● THE PROBLEM
Of all the lines below, output only those starting at the one with "using assms(3) by simp" and ending at the one with "x) = (\<Sum>x\<in>P.", both ends included, exactly as written.
+++
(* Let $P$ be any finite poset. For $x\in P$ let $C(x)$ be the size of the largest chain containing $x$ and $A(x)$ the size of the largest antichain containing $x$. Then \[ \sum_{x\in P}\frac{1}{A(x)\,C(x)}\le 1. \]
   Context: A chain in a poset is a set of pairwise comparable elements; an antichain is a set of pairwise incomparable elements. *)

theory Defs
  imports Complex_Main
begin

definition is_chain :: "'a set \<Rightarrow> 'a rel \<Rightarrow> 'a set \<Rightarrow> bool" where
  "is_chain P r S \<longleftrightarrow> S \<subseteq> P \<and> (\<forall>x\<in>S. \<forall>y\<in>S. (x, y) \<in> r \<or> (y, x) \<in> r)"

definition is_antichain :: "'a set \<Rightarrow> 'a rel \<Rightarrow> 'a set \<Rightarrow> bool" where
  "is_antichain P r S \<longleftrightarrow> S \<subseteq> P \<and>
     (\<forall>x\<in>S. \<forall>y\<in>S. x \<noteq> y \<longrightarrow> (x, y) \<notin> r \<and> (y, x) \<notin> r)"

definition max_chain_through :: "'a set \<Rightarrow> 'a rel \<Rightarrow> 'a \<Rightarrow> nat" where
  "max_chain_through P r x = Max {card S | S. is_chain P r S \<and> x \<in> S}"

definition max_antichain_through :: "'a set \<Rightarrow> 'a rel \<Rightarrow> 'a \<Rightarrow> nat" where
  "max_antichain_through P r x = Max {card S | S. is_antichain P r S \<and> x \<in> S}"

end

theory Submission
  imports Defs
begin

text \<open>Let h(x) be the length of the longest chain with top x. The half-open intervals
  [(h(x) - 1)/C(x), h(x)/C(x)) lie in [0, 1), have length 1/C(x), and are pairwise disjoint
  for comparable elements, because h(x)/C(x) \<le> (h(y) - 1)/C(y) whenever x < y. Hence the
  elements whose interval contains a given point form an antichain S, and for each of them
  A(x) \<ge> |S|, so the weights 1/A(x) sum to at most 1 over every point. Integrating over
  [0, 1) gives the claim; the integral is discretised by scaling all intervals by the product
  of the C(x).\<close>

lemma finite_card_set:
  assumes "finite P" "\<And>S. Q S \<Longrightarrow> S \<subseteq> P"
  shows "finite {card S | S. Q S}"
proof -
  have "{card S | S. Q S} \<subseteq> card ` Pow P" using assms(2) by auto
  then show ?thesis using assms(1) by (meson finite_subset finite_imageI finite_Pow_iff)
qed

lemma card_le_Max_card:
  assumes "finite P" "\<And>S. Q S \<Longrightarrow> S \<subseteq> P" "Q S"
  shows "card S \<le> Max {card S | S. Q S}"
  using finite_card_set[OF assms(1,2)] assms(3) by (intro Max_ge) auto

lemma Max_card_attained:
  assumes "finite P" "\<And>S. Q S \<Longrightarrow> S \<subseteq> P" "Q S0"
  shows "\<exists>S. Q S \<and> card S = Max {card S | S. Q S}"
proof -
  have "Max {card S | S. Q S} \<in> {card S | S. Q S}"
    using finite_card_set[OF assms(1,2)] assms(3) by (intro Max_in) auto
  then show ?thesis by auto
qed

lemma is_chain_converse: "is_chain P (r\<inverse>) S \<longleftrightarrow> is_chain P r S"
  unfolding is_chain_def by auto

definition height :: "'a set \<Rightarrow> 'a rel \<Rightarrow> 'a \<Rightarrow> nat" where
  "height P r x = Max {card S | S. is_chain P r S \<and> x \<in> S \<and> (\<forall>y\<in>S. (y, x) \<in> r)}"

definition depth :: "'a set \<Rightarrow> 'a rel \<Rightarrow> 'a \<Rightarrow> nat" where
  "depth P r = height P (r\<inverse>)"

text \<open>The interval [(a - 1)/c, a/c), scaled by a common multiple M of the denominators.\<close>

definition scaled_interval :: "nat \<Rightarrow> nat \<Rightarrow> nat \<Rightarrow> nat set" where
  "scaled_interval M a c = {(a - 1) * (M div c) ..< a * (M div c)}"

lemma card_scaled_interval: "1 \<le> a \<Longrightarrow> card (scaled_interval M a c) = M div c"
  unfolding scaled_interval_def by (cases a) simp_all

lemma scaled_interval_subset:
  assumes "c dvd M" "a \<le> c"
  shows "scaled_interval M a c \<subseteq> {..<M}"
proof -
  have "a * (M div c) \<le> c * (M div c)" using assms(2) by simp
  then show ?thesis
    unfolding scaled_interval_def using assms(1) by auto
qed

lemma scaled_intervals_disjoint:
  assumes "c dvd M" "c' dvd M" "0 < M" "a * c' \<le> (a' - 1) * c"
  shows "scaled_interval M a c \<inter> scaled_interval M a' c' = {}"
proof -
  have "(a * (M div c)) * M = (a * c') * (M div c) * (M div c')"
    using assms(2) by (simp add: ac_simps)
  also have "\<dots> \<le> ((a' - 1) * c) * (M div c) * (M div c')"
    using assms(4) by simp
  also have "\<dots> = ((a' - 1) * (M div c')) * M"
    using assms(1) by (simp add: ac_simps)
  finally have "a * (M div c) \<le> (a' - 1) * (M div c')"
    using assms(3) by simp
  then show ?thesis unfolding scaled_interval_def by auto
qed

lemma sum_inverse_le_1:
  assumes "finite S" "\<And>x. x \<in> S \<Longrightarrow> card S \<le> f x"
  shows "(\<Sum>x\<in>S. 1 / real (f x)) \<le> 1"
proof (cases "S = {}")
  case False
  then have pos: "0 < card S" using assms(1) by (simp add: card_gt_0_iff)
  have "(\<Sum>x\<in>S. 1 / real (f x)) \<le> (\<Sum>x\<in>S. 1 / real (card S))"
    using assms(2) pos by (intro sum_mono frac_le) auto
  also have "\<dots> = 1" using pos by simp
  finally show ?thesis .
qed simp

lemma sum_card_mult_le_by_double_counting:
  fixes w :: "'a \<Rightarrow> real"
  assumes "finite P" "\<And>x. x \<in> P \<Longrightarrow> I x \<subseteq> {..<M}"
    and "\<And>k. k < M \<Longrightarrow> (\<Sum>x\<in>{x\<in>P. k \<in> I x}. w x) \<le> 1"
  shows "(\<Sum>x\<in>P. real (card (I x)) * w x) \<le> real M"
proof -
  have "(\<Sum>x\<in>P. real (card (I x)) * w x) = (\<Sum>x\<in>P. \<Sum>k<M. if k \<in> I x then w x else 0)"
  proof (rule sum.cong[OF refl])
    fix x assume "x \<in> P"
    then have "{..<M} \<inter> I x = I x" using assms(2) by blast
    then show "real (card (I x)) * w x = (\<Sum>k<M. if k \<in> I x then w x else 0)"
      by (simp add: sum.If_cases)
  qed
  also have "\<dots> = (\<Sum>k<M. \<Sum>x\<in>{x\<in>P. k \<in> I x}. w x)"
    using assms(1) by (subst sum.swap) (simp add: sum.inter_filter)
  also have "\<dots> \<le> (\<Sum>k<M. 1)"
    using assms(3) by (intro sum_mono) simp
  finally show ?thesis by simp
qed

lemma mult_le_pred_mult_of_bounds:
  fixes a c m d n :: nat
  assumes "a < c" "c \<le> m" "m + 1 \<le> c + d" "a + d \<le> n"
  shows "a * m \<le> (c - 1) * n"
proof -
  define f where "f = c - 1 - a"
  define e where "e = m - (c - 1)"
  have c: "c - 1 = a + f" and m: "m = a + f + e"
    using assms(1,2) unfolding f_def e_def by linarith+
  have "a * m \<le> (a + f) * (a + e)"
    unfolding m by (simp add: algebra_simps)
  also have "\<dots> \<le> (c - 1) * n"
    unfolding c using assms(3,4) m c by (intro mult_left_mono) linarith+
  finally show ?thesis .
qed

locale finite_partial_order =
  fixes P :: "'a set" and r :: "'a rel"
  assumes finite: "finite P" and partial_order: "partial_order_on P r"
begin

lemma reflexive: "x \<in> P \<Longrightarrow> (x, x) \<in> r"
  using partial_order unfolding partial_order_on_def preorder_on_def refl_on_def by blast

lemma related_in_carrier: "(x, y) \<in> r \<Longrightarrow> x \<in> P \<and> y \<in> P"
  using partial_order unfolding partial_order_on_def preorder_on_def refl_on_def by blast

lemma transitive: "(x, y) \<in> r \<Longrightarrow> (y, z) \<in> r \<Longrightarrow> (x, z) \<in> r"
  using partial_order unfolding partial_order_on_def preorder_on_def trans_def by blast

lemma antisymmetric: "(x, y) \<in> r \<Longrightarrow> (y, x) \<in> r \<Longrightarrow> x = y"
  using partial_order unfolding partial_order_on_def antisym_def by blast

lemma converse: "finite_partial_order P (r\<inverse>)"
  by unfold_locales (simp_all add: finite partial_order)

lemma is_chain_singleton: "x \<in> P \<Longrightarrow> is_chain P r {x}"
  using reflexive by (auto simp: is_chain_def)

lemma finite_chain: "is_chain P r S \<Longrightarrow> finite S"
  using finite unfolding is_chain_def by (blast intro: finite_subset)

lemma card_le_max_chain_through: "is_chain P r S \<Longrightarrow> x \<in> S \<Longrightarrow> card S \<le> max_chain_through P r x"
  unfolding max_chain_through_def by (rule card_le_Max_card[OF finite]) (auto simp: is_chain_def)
+++
● ANSWER SECTION
    using assms(3) by simp
  then show ?thesis unfolding scaled_interval_def by auto
qed

lemma sum_inverse_le_1:
  assumes "finite S" "\<And>x. x \<in> S \<Longrightarrow> card S \<le> f x"
  shows "(\<Sum>x\<in>S. 1 / real (f x)) \<le> 1"
proof (cases "S = {}")
  case False
  then have pos: "0 < card S" using assms(1) by (simp add: card_gt_0_iff)
  have "(\<Sum>x\<in>S. 1 / real (f x)) \<le> (\<Sum>x\<in>S. 1 / real (card S))"
    using assms(2) pos by (intro sum_mono frac_le) auto
  also have "\<dots> = 1" using pos by simp
  finally show ?thesis .
qed simp

lemma sum_card_mult_le_by_double_counting:
  fixes w :: "'a \<Rightarrow> real"
  assumes "finite P" "\<And>x. x \<in> P \<Longrightarrow> I x \<subseteq> {..<M}"
    and "\<And>k. k < M \<Longrightarrow> (\<Sum>x\<in>{x\<in>P. k \<in> I x}. w x) \<le> 1"
  shows "(\<Sum>x\<in>P. real (card (I x)) * w x) \<le> real M"
proof -
  have "(\<Sum>x\<in>P. real (card (I x)) * w x) = (\<Sum>x\<in>P. \<Sum>k<M. if k \<in> I x then w x else 0)"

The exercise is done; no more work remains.